■ Data for this exercise ■
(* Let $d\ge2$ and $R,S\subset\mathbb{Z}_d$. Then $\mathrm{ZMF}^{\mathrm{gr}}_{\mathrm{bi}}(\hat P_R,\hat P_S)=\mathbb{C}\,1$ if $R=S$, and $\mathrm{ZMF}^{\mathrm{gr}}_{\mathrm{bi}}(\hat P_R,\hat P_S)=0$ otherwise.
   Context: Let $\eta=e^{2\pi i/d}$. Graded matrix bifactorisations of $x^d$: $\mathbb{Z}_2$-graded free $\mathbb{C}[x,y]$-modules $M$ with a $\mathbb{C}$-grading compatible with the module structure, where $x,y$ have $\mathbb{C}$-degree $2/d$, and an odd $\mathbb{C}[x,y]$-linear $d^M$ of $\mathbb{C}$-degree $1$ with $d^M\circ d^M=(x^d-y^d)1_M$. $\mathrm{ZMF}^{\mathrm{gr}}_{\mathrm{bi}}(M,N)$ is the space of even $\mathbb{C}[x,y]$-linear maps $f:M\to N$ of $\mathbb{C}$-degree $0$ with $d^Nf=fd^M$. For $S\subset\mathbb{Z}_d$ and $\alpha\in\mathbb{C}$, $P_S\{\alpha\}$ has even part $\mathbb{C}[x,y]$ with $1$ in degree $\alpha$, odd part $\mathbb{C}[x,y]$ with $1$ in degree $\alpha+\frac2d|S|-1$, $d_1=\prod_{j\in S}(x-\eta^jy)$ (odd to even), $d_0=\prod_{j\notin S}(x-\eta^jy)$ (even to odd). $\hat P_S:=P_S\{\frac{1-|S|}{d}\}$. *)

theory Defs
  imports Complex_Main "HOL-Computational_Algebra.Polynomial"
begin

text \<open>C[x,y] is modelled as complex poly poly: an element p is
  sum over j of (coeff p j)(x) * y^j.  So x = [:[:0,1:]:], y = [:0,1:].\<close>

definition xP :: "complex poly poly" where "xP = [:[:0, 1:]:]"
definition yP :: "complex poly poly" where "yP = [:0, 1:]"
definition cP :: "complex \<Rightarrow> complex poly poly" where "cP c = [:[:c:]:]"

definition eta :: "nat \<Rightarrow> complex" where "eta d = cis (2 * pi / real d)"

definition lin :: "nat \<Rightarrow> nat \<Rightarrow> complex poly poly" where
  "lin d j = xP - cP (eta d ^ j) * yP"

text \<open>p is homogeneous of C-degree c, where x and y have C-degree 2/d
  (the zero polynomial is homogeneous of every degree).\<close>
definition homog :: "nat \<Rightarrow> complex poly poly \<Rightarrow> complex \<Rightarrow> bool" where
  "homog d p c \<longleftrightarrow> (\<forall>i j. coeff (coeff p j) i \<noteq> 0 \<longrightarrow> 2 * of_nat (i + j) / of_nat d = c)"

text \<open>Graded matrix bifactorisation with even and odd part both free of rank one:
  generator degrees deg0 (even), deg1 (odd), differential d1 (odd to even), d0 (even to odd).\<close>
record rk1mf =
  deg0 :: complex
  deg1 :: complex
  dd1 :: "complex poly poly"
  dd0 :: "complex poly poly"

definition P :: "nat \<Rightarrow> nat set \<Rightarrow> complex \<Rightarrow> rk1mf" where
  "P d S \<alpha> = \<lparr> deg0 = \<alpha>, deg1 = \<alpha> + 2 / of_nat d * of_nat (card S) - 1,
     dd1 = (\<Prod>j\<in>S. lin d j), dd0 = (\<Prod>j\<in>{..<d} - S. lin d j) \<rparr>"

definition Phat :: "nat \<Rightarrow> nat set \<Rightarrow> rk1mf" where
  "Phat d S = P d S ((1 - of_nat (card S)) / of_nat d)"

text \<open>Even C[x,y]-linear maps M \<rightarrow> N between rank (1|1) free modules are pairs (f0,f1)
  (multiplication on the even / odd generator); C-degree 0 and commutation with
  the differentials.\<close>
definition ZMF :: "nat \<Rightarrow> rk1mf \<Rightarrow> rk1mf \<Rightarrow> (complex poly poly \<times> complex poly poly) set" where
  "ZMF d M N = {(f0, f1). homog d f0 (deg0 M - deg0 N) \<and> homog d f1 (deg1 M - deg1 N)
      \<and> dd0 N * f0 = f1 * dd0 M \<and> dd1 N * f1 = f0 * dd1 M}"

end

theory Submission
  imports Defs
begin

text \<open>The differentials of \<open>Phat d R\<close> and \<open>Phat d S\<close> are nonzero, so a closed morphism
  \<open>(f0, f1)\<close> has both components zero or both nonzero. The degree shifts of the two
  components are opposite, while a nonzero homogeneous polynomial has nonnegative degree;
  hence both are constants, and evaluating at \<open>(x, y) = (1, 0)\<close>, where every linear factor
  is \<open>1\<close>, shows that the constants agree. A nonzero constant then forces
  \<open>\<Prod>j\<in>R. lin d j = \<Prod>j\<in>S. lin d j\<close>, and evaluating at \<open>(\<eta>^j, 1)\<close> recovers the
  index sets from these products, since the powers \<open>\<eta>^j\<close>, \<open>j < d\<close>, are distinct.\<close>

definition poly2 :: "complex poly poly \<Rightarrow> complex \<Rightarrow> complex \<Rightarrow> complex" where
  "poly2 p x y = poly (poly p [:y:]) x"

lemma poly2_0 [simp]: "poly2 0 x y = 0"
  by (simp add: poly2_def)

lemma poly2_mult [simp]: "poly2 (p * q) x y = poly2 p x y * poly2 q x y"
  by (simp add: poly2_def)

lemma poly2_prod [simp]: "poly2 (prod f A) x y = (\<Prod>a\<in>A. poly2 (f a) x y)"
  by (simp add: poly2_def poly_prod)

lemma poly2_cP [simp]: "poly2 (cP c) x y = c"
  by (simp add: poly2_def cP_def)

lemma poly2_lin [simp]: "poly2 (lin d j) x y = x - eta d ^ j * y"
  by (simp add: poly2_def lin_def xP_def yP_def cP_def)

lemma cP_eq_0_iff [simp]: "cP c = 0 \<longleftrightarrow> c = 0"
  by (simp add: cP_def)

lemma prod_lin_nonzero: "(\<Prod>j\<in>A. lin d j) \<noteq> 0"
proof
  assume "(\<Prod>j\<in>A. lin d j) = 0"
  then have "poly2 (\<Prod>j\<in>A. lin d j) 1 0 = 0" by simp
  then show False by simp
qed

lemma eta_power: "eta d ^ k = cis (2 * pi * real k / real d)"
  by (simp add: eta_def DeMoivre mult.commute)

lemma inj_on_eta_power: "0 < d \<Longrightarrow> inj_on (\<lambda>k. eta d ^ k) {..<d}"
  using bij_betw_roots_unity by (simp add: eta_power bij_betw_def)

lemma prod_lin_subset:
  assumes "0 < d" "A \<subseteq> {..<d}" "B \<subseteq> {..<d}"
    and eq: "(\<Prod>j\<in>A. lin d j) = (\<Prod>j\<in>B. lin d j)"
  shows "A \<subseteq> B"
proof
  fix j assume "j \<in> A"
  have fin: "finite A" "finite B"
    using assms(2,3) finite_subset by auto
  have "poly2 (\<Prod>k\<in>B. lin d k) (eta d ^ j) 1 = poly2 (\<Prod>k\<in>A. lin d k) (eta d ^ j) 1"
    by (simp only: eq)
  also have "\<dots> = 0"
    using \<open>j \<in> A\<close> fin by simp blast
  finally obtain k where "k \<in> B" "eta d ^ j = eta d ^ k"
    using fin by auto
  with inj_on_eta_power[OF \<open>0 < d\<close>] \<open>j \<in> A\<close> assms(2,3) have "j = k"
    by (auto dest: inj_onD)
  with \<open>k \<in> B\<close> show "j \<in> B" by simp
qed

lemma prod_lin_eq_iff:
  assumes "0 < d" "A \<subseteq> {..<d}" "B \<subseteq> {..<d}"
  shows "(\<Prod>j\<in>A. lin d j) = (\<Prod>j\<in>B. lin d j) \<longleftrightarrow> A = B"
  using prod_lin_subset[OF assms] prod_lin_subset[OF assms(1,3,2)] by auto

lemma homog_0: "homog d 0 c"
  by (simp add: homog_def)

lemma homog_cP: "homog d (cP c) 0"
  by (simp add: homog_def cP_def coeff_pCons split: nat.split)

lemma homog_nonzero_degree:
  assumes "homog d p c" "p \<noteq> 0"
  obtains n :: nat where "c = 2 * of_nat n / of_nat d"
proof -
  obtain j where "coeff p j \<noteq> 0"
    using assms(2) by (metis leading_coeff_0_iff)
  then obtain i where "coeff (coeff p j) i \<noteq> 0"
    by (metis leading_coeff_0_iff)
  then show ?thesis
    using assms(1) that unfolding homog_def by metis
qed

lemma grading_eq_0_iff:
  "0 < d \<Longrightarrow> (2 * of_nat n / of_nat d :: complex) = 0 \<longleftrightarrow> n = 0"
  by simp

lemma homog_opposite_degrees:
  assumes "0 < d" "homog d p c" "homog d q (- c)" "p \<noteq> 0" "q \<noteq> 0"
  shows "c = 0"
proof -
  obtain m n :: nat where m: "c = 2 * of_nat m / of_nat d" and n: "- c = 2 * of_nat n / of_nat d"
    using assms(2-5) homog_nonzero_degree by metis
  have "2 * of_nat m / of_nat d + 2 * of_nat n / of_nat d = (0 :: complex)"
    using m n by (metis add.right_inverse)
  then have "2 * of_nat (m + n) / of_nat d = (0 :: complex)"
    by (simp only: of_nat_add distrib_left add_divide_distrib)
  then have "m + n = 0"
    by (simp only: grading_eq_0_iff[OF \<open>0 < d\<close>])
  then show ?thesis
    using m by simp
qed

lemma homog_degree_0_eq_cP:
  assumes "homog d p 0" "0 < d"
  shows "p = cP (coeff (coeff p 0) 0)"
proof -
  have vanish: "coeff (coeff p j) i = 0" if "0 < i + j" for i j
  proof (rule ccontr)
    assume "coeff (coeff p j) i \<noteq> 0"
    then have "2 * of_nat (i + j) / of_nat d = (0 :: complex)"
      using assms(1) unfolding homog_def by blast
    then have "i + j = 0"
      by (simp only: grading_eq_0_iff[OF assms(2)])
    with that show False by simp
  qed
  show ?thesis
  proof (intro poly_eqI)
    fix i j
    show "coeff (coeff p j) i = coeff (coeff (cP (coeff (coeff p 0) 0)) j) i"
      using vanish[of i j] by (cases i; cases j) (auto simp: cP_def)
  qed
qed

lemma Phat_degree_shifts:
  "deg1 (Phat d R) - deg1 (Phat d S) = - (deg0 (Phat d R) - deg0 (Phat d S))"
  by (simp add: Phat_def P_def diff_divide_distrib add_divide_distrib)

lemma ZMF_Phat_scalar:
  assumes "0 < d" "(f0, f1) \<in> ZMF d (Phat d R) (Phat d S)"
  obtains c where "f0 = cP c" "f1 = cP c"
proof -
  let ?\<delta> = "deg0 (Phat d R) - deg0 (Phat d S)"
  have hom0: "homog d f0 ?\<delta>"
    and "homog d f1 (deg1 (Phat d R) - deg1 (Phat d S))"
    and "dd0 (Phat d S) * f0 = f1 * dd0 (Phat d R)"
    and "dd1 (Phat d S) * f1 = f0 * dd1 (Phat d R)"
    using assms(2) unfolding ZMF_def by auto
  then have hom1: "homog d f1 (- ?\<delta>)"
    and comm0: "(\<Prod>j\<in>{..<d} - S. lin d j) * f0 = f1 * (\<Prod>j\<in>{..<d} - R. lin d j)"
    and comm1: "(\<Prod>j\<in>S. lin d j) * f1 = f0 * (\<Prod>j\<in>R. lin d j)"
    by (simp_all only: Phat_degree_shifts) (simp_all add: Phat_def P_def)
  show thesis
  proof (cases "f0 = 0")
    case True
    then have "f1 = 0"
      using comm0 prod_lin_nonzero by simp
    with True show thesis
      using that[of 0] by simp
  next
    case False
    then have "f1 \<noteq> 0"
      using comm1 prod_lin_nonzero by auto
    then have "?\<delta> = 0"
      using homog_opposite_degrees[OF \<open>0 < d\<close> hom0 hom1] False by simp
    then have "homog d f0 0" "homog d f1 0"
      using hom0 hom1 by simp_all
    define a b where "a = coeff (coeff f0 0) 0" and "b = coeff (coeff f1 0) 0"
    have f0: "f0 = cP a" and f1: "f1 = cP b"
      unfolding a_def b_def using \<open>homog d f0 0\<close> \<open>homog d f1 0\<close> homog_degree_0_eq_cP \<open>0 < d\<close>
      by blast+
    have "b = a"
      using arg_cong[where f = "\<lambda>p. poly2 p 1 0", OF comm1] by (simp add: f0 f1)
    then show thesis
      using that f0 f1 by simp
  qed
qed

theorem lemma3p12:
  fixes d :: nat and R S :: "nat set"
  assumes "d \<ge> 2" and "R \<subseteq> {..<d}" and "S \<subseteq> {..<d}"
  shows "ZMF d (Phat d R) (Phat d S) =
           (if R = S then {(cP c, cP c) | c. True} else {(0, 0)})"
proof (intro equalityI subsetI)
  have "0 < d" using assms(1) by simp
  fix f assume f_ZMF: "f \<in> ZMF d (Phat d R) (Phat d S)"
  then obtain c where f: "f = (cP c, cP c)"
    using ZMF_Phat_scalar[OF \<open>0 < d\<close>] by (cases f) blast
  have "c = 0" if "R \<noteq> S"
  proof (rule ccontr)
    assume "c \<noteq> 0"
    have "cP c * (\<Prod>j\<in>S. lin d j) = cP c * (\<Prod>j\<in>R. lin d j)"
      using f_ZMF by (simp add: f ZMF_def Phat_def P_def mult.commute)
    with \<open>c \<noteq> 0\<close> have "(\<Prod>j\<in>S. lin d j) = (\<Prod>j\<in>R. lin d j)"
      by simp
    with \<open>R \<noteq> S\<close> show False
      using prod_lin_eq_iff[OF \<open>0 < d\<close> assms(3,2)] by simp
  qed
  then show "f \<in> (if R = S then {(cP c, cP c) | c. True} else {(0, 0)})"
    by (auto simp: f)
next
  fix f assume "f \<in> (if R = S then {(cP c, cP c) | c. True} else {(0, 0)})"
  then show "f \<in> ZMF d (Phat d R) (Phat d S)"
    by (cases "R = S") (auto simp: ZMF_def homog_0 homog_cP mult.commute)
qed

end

■ Assigned task ■
Which of the lines above include the string "homogeneous"? Pick them out and copy them.

■ Response for this exercise ■
text \<open>p is homogeneous of C-degree c, where x and y have C-degree 2/d
  (the zero polynomial is homogeneous of every degree).\<close>
  components are opposite, while a nonzero homogeneous polynomial has nonnegative degree;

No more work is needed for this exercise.